Too many to list - but, it probably won't surprise you to know, that Wuthering Heights by Emily Brontë is among them. Published in 1847, only a year or so before she died, It has everything - huge landscapes, an epic adventure story at the heart of it, two different time periods, strong female and male characters, overwhelming emotion - revenge, love, fear, tenderness. An extraordinary achievement.
BBC News uses
Jane Eyre to visualize a growing social problem in the UK:
Proposing the motion, Richard Salter, from Somerset, said students at further education (FE) and sixth-form colleges were being discriminated against.
"The student in an FE college is treated differently, not by their peers, not by their teachers, but by their government," he said.
Clare Kellett, a teacher from Somerset, told the conference about a 17-year-old pupil, Jess, who was living on her own because of difficulties at home and was struggling to feed herself.

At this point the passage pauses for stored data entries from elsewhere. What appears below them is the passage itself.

(* Fix $I\ge 2$, $\rho\in(0,1)$, $\varepsilon\in(0,1)$. For every $p\in\mathbb{R}$, the event $C^p_{\mathcal T}(G)\subseteq\Omega$ (the set of states in which $G$ is common $p$-believed) is the same for every information tree $\mathcal T=(F,s)$ on the agent set $\{1,\dots,I\}$ (every forest $F$ and every seeding $s$). Moreover the probability $\mathbb P_{\mathcal T}[C^p_{\mathcal T}(G)]$ is the same for every information tree $\mathcal T$.
   Context: Model. Fix an integer $I\ge2$, agents $\mathcal I=\{1,\dots,I\}$, a prior $\rho\in(0,1)$ and a loss probability $\varepsilon\in(0,1)$. A state of nature $\theta\in\{g,b\}$ has $\Pr(\theta=g)=\rho$. A forest $F$ on $\mathcal I$ is a collection of vertex-disjoint undirected trees $T^1,\dots,T^R$ (connected acyclic graphs) whose vertex sets partition $\mathcal I$; a seeding $s=(s^1,\dots,s^R)$ chooses exactly one vertex $s^r$ of each $T^r$. The pair $\mathcal T=(F,s)$ is an information tree: orient each $T^r$ away from $s^r$ and add a root $0$ (the planner) with an arc $0\to s^r$ for each $r$; this is a directed tree rooted at $0$ in which every agent has a unique direct predecessor. If $\theta=b$ no messages are sent. If $\theta=g$ the planner sends a message along each arc $0\to s^r$, and every agent who receives a message forwards it along every arc leaving her (to all her neighbours except the one she received it from). Each transmission along an arc is lost independently with probability $\varepsilon$; so given $\theta=g$, agent $i$ receives the message iff no arc on the directed path from $0$ to $i$ fails. Agent $i$ observes only $x_i\in\{y,n\}$ (received / not received). The state space is $\Omega=\{g,b\}\times\{y,n\}^I$ and $\mathbb P_{\mathcal T}$ is the induced probability on $\Omega$. Events: $G=\{\theta=g\}$, $Y_i=\{x_i=y\}$, $N_i=\Omega\setminus Y_i$, $Y^*=\bigcap_{i}Y_i$. Belief operators: $B^p_i(E)=\{\omega:\mathbb P_{\mathcal T}[E\mid x_i=x_i(\omega)]\ge p\}$, $B^p(E)=\bigcap_{i\in\mathcal I}B^p_i(E)$, $B^{p,0}(E)=E$, $B^{p,\ell}(E)=B^p(B^{p,\ell-1}(E))$, and $C^p_{\mathcal T}(E)=\bigcap_{\ell\ge1}B^{p,\ell}(E)$. *)

theory Defs
  imports Complex_Main "HOL-Library.FuncSet"
begin

(* Agents are 1..I; the planner is the extra root 0 (not an agent). *)
definition agents :: "nat \<Rightarrow> nat set" where
  "agents I = {1..I}"

definition is_path :: "nat set set \<Rightarrow> nat list \<Rightarrow> nat \<Rightarrow> nat \<Rightarrow> bool" where
  "is_path E p u v \<longleftrightarrow> p \<noteq> [] \<and> hd p = u \<and> last p = v \<and> distinct p \<and>
     (\<forall>k. Suc k < length p \<longrightarrow> {p ! k, p ! Suc k} \<in> E)"
(* Let $(G,H)$ be a discrete Hecke pair and let $\Gamma$ be a group containing $G$ as a closed finite index subgroup such that $(\Gamma,H)$ is also a discrete Hecke pair. Then $(G,H)$ has property (RD) if and only if $(\Gamma,H)$ has property (RD).
   Context: A discrete Hecke pair is a group $G$ with a subgroup $H$ such that $[H:H\cap xHx^{-1}]<\infty$ for all $x\in G$. The Hecke algebra $\mathcal H(G,H)$ consists of finitely supported right $H$-invariant functions on $H\backslash G$ with product $f*g(Hx)=\sum_{Hy\in H\backslash G}f(Hxy^{-1})g(Hy)$, and $\lambda(f)\xi=f*\xi$ on $\ell^2(H\backslash G)$. A length function on $(G,H)$ is $l:G\to[0,\infty)$ with $l(e)=0$, $l(g)=l(g^{-1})$, $l(gh)\le l(g)+l(h)$ and $l|_H=0$. $(G,H)$ has property (RD) if there exist such $l$ and $s,c>0$ with $\|\lambda(f)\|\le c\big(\sum_{Hx\in H\backslash G}|f(Hx)|^2(1+l(x))^{2s}\big)^{1/2}$ for all $f\in\mathcal H(G,H)$. *)

theory Defs
  imports "HOL-Analysis.Analysis" "HOL-Algebra.Coset"
begin

text \<open>Everything lives inside an ambient group Gam (a HOL-Algebra group); the groups
of the Hecke pairs are subgroups K of it. Right cosets Hx are r_coset.\<close>

definition hecke_pair :: "('a, 'b) monoid_scheme \<Rightarrow> 'a set \<Rightarrow> 'a set \<Rightarrow> bool" where
  "hecke_pair Gam K H \<longleftrightarrow> subgroup K Gam \<and> subgroup H Gam \<and> H \<subseteq> K \<and>
     (\<forall>x\<in>K. finite ((\<lambda>h. (H \<inter> (\<lambda>k. x \<otimes>\<^bsub>Gam\<^esub> k \<otimes>\<^bsub>Gam\<^esub> inv\<^bsub>Gam\<^esub> x) ` H) #>\<^bsub>Gam\<^esub> h) ` H))"

definition coset_space :: "('a, 'b) monoid_scheme \<Rightarrow> 'a set \<Rightarrow> 'a set \<Rightarrow> 'a set set" where
  "coset_space Gam K H = (\<lambda>x. H #>\<^bsub>Gam\<^esub> x) ` K"

definition rep :: "'a set \<Rightarrow> 'a" where
  "rep c = (SOME y. y \<in> c)"

definition hecke_algebra :: "('a, 'b) monoid_scheme \<Rightarrow> 'a set \<Rightarrow> 'a set \<Rightarrow> ('a set \<Rightarrow> complex) set" where
  "hecke_algebra Gam K H = {f.
     (\<forall>c. c \<notin> coset_space Gam K H \<longrightarrow> f c = 0) \<and>
     finite {c. f c \<noteq> 0} \<and>
     (\<forall>x\<in>K. \<forall>h\<in>H. f (H #>\<^bsub>Gam\<^esub> (x \<otimes>\<^bsub>Gam\<^esub> h)) = f (H #>\<^bsub>Gam\<^esub> x))}"

definition hconv :: "('a, 'b) monoid_scheme \<Rightarrow> 'a set \<Rightarrow> 'a set \<Rightarrow> ('a set \<Rightarrow> complex) \<Rightarrow> ('a set \<Rightarrow> complex) \<Rightarrow> 'a set \<Rightarrow> complex" where
  "hconv Gam K H f xi c = (\<Sum>\<^sub>\<infinity>d\<in>coset_space Gam K H.
      f (H #>\<^bsub>Gam\<^esub> (rep c \<otimes>\<^bsub>Gam\<^esub> inv\<^bsub>Gam\<^esub> (rep d))) * xi d)"

definition in_l2 :: "'a set set \<Rightarrow> ('a set \<Rightarrow> complex) \<Rightarrow> bool" where
  "in_l2 S xi \<longleftrightarrow> (\<lambda>c. (cmod (xi c))\<^sup>2) summable_on S"

definition l2_norm :: "'a set set \<Rightarrow> ('a set \<Rightarrow> complex) \<Rightarrow> real" where
  "l2_norm S xi = sqrt (\<Sum>\<^sub>\<infinity>c\<in>S. (cmod (xi c))\<^sup>2)"

definition length_function :: "('a, 'b) monoid_scheme \<Rightarrow> 'a set \<Rightarrow> 'a set \<Rightarrow> ('a \<Rightarrow> real) \<Rightarrow> bool" where
  "length_function Gam K H l \<longleftrightarrow>
     (\<forall>g\<in>K. l g \<ge> 0) \<and> l \<one>\<^bsub>Gam\<^esub> = 0 \<and>
     (\<forall>g\<in>K. l g = l (inv\<^bsub>Gam\<^esub> g)) \<and>
     (\<forall>g\<in>K. \<forall>h\<in>K. l (g \<otimes>\<^bsub>Gam\<^esub> h) \<le> l g + l h) \<and>
     (\<forall>h\<in>H. l h = 0)"

text \<open>Property (RD): operator norm of lambda(f) on l^2(H\K) bounded by the weighted
  l^2 norm, written out as the operator-norm inequality for all xi in l^2(H\K).\<close>
definition property_RD :: "('a, 'b) monoid_scheme \<Rightarrow> 'a set \<Rightarrow> 'a set \<Rightarrow> bool" where
  "property_RD Gam K H \<longleftrightarrow> (\<exists>l s C. length_function Gam K H l \<and> s > 0 \<and> C > 0 \<and>
     (\<forall>f\<in>hecke_algebra Gam K H. \<forall>xi. in_l2 (coset_space Gam K H) xi \<longrightarrow>
        l2_norm (coset_space Gam K H) (hconv Gam K H f xi)
          \<le> C * sqrt (\<Sum>\<^sub>\<infinity>c\<in>coset_space Gam K H. (cmod (f c))\<^sup>2 * (1 + l (rep c)) powr (2 * s))
              * l2_norm (coset_space Gam K H) xi))"

end

theory Submission imports Defs begin
lemma LST_A:
  assumes "1 \<le> n"
  shows "LST M (A n) \<mu> = LST M (A 1) \<mu>"
  using LST_eq_if_distr_eq[OF A_measurable[OF assms] A_measurable A_ident[OF assms]] by simp

lemma LST_Wseq_1: "LST M (Wseq A B 1) \<mu> = 1 / 2"
proof -
  have "Wseq A B 1 = B 1"
    by (simp add: fun_eq_iff)
  then show ?thesis
    using LST_exponential_self[OF B_exponential[of 1] mu_pos] by simp
qed

lemma A_plus_Wseq_measurable: "(\<lambda>\<omega>. A n \<omega> + Wseq A B n \<omega>) \<in> borel_measurable M" if "1 \<le> n"
  by (intro borel_measurable_add A_measurable[OF that] Wseq_measurable)

lemma A_plus_Wseq_nonneg: "AE \<omega> in M. 0 \<le> A n \<omega> + Wseq A B n \<omega>" if "1 \<le> n"
  using A_nonneg[OF that] Wseq_nonneg[OF that] by eventually_elim simp

lemma LST_A_plus_Wseq:
  assumes "1 \<le> n"
  shows "LST M (\<lambda>\<omega>. A n \<omega> + Wseq A B n \<omega>) \<mu> = LST M (A 1) \<mu> * LST M (Wseq A B n) \<mu>"
  using LST_add_indep[OF indep_A_Wseq A_nonneg Wseq_nonneg] LST_A[OF assms] assms mu_pos by simp

lemma LST_Wseq_Suc:
  assumes "1 \<le> n"
  shows "LST M (Wseq A B (Suc n)) \<mu> = 1 - LST M (A 1) \<mu> * LST M (Wseq A B n) \<mu> / 2"
  using LST_pos_part_exponential_minus[OF B_exponential mu_pos A_plus_Wseq_measurable A_plus_Wseq_nonneg
      indep_B_Suc_A_plus_Wseq] LST_A_plus_Wseq Wseq_Suc[OF assms(1)] assms
  by simp

lemma prob_Wseq_Suc_le:
  assumes "1 \<le> n" and "0 \<le> x"
  shows "measure M {\<omega> \<in> space M. Wseq A B (Suc n) \<omega> \<le> x}
    = 1 - exp (- \<mu> * x) * (LST M (A 1) \<mu> * LST M (Wseq A B n) \<mu>)"
  using prob_pos_part_exponential_minus_le[OF B_exponential mu_pos A_plus_Wseq_measurable A_plus_Wseq_nonneg
      indep_B_Suc_A_plus_Wseq] LST_A_plus_Wseq Wseq_Suc[OF assms(1)] assms
  by simp

end

theorem corollary3p2:
  fixes M :: "'a measure" and A B :: "nat \<Rightarrow> 'a \<Rightarrow> real" and \<mu> :: real
  assumes "prob_space M"
    and "\<mu> > 0"
    and A_rv: "\<And>n. n \<ge> 1 \<Longrightarrow> A n \<in> borel_measurable M"
    and A_nonneg: "\<And>n. n \<ge> 1 \<Longrightarrow> AE \<omega> in M. A n \<omega> \<ge> 0"
    and A_ident: "\<And>n. n \<ge> 1 \<Longrightarrow> distr M borel (A n) = distr M borel (A 1)"
    and B_exp: "\<And>n. n \<ge> 1 \<Longrightarrow> distributed M lborel (B n) (exponential_density \<mu>)"
    and indep: "prob_space.indep_vars M (\<lambda>_. borel)
                  (\<lambda>i. case i of Inl n \<Rightarrow> A n | Inr n \<Rightarrow> B n)
                  ({Inl n | n. n \<ge> 1} \<union> {Inr n | n. n \<ge> 1})"
    and "n \<ge> 1" and "x \<ge> 0"
  shows "measure M {\<omega> \<in> space M. Wseq A B (n + 1) \<omega> \<le> x} =
    1 - exp (- \<mu> * x) *
      (2 * LST M (A 1) \<mu> / (2 + LST M (A 1) \<mu>)
       + (- LST M (A 1) \<mu> / 2) ^ (n - 1)
         * (LST M (A 1) \<mu> / 2 - 2 * LST M (A 1) \<mu> / (2 + LST M (A 1) \<mu>)))"
proof -
  interpret Wseq_exponential_services M A B \<mu>
    by (intro Wseq_exponential_services.intro Wseq_exponential_services_axioms.intro) (fact assms)+
  let ?\<alpha> = "LST M (A 1) \<mu>"
  have "2 + ?\<alpha> \<noteq> 0"
    using LST_nonneg[of M "A 1" \<mu>] by linarith
  from affine_recurrence_closed_form[OF this LST_Wseq_1 LST_Wseq_Suc \<open>n \<ge> 1\<close>]
  have "?\<alpha> * LST M (Wseq A B n) \<mu>
      = ?\<alpha> * (2 / (2 + ?\<alpha>) + (- ?\<alpha> / 2) ^ (n - 1) * (1 / 2 - 2 / (2 + ?\<alpha>)))"
    by simp
  also have "\<dots> = 2 * ?\<alpha> / (2 + ?\<alpha>) + (- ?\<alpha> / 2) ^ (n - 1) * (?\<alpha> / 2 - 2 * ?\<alpha> / (2 + ?\<alpha>))"
    by (simp add: algebra_simps)
  finally show ?thesis
    using prob_Wseq_Suc_le[OF \<open>n \<ge> 1\<close> \<open>x \<ge> 0\<close>] by simp
qed

end
lemma bump_algebra_has_partials:
  assumes "f \<in> bump_algebra"
  shows "\<exists>D. (\<forall>i\<in>Basis. D i \<in> (bump_algebra :: ('a::euclidean_space \<Rightarrow> real) set)) \<and>
      (\<forall>x. (f has_derivative (\<lambda>v. \<Sum>i\<in>Basis. (v \<bullet> i) * D i x)) (at x))"
  using assms
proof induction
  case (const k)
  show ?case
    by (rule exI[of _ "\<lambda>i x. 0"]) (auto intro: bump_algebra.const)
next
  case (coord j)
  have "(\<lambda>v. v \<bullet> j) = (\<lambda>v. \<Sum>i\<in>Basis. (v \<bullet> i) * (j \<bullet> i))"
    by (rule ext, subst euclidean_inner) simp
  moreover have "((\<lambda>x::'a. x \<bullet> j) has_derivative (\<lambda>v. v \<bullet> j)) (at x)" for x
    by (auto intro!: derivative_eq_intros)
  ultimately show ?case
    by (intro exI[of _ "\<lambda>i x. j \<bullet> i"]) (auto intro: bump_algebra.const)
next
  case (add f g)
  then obtain Df Dg
    where Df: "\<forall>i\<in>Basis. Df i \<in> bump_algebra" "\<And>x. (f has_derivative (\<lambda>v. \<Sum>i\<in>Basis. (v \<bullet> i) * Df i x)) (at x)"
      and Dg: "\<forall>i\<in>Basis. Dg i \<in> bump_algebra" "\<And>x. (g has_derivative (\<lambda>v. \<Sum>i\<in>Basis. (v \<bullet> i) * Dg i x)) (at x)"
    by blast
  show ?case
  proof (intro exI[of _ "\<lambda>i x. Df i x + Dg i x"] conjI allI ballI)
    show "(\<lambda>x. Df i x + Dg i x) \<in> bump_algebra" if "i \<in> Basis" for i
      using Df Dg that by (auto intro: bump_algebra.add)
    show "((\<lambda>x. f x + g x) has_derivative (\<lambda>v. \<Sum>i\<in>Basis. (v \<bullet> i) * (Df i x + Dg i x))) (at x)" for x
      using has_derivative_add[OF Df(2) Dg(2)] by (simp add: distrib_left sum.distrib)
  qed
next
  case (mult f g)
  then obtain Df Dg
    where Df: "\<forall>i\<in>Basis. Df i \<in> bump_algebra" "\<And>x. (f has_derivative (\<lambda>v. \<Sum>i\<in>Basis. (v \<bullet> i) * Df i x)) (at x)"
      and Dg: "\<forall>i\<in>Basis. Dg i \<in> bump_algebra" "\<And>x. (g has_derivative (\<lambda>v. \<Sum>i\<in>Basis. (v \<bullet> i) * Dg i x)) (at x)"
    by blast
  show ?case
  proof (intro exI[of _ "\<lambda>i x. f x * Dg i x + Df i x * g x"] conjI allI ballI)
    show "(\<lambda>x. f x * Dg i x + Df i x * g x) \<in> bump_algebra" if "i \<in> Basis" for i
      using Df Dg that mult.hyps by (auto intro!: bump_algebra.add bump_algebra.mult)
    show "((\<lambda>x. f x * g x) has_derivative
        (\<lambda>v. \<Sum>i\<in>Basis. (v \<bullet> i) * (f x * Dg i x + Df i x * g x))) (at x)" for x
      using has_derivative_mult[OF Df(2) Dg(2)]
      by (simp add: distrib_left sum.distrib sum_distrib_left sum_distrib_right mult_ac)
  qed
next
  case (bump P)
  let ?d = "\<lambda>x::'a. flat_exp (flat_exp_deriv_poly P) (1/4 - x \<bullet> x)"
  show ?case
  proof (intro exI[of _ "\<lambda>i x. ?d x * ((-2) * (x \<bullet> i))"] conjI allI ballI)
    show "(\<lambda>x. ?d x * ((-2) * (x \<bullet> i))) \<in> bump_algebra" for i
      by (intro bump_algebra.intros)
    fix x :: 'a
    have "(\<lambda>v. ?d x * (- (2 * (x \<bullet> v)))) = (\<lambda>v. \<Sum>i\<in>Basis. (v \<bullet> i) * (?d x * ((-2) * (x \<bullet> i))))"
    proof
      fix v :: 'a
      have "x \<bullet> v = (\<Sum>i\<in>Basis. (v \<bullet> i) * (x \<bullet> i))"
        by (subst euclidean_inner) (simp add: mult.commute)
      then show "?d x * (- (2 * (x \<bullet> v))) = (\<Sum>i\<in>Basis. (v \<bullet> i) * (?d x * ((-2) * (x \<bullet> i))))"
        by (simp add: sum_distrib_left sum_distrib_right sum_negf mult_ac)
    qed
    then show "((\<lambda>x. flat_exp P (1/4 - x \<bullet> x)) has_derivative
        (\<lambda>v. \<Sum>i\<in>Basis. (v \<bullet> i) * (?d x * ((-2) * (x \<bullet> i))))) (at x)"
      using flat_exp_bump_has_derivative[of P x] by simp
  qed
qed

definition bump :: "'a::euclidean_space \<Rightarrow> real" where
  "bump x = flat_exp 1 (1/4 - x \<bullet> x)"

definition bump_grad :: "'a::euclidean_space \<Rightarrow> 'a" where
  "bump_grad x = (flat_exp (flat_exp_deriv_poly 1) (1/4 - x \<bullet> x) * (-2)) *\<^sub>R x"

lemma test_fun_bump: "test_fun (bump :: 'a::euclidean_space \<Rightarrow> real) bump_grad"
  unfolding test_fun_def
proof (intro conjI allI)
  show "smooth_fun (bump :: 'a \<Rightarrow> real)"
    unfolding smooth_fun_def bump_def[abs_def]
    by (intro exI[of _ bump_algebra] conjI bump_algebra.bump ballI bump_algebra_has_partials)
  show "(bump has_derivative (\<lambda>v. bump_grad x \<bullet> v)) (at x)" for x :: 'a
    using flat_exp_bump_has_derivative[of 1 x] unfolding bump_def[abs_def] bump_grad_def
    by (simp add: mult_ac)
  show "\<exists>K. compact K \<and> K \<subseteq> (unit_ball :: 'a set) \<and> (\<forall>x. x \<notin> K \<longrightarrow> bump x = 0)"
  proof (intro exI[of _ "cball 0 (1/2)"] conjI allI impI)
    fix x :: 'a assume "x \<notin> cball 0 (1/2)"
    then have "(1/2)\<^sup>2 < (norm x)\<^sup>2" by (intro power_strict_mono) auto
    then show "bump x = 0" by (simp add: bump_def flat_exp_def dot_square_norm power2_eq_square)
  qed auto
qed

"My colleague gave Jess what can only be described as a food parcel - that's the level of poverty we're dealing with.
"That is school life for some today - real Hard Times - not To Serve Them All My Days - or even Jane Eyre. (Katherine Sellgren)
Was
Wuthering Heights 2011 rejected by Cannes or merely not yet finished?
HitFix thinks it is the first option:
Others are more provisional: for the sake of our impatience, we hope "Twelve Years a Slave" will be there, but it could as easily be in Venice. And the Cannes selection committee can often throw our (not to mentiopn producers') hopes off-course: "Brokeback Mountain," "Vera Drake" and "Wuthering Heights" are examples of films that would have premiered at Cannes... had they not been been rejected by the festival. (Guy Lodge)
The Guardian celebrates but warns also about Hebden Bridge:
I've heard all the jokes about in-breeding and I'd like to make it clear that they are offensive and we've moved on since the days of Wuthering Heights where the only opportunity for love was hooking up with your step brother on the next farm. (Rachel Pickering)
Persinsala (Italy) reviews the theatre play
Comici Fatti di Sangue by Alessandro Benvenuti:
E ci auguriamo che Benvenuti sia tanto bravo quanto lo fu Jean Rhys quando diede la versione dei fatti della prima signora Rochester, riscattandola dal ritratto – non a caso di parte – di Charlotte Brontë. (Luciano Ugge and Maria Frigerio) (Translation)
In Florence (Italy), the
Cineteca di Firenze will screen
Abismos de Pasión 1951 (today, 20.00 h);
CineMaverick reviews
Jane Eyre 2011;
The Haunted Books Grave posts about
A Breath of Eyre;
Silly Eagle Books has loved Baby Lit's
Wuthering Heights. A Weather Primer; Bookmarked reviews
Jane Eyre's Daughter by Elizabeth Newark. Finally,
Hathaways of Haworth publishes several pictures of Brontë country roads still covered with snow.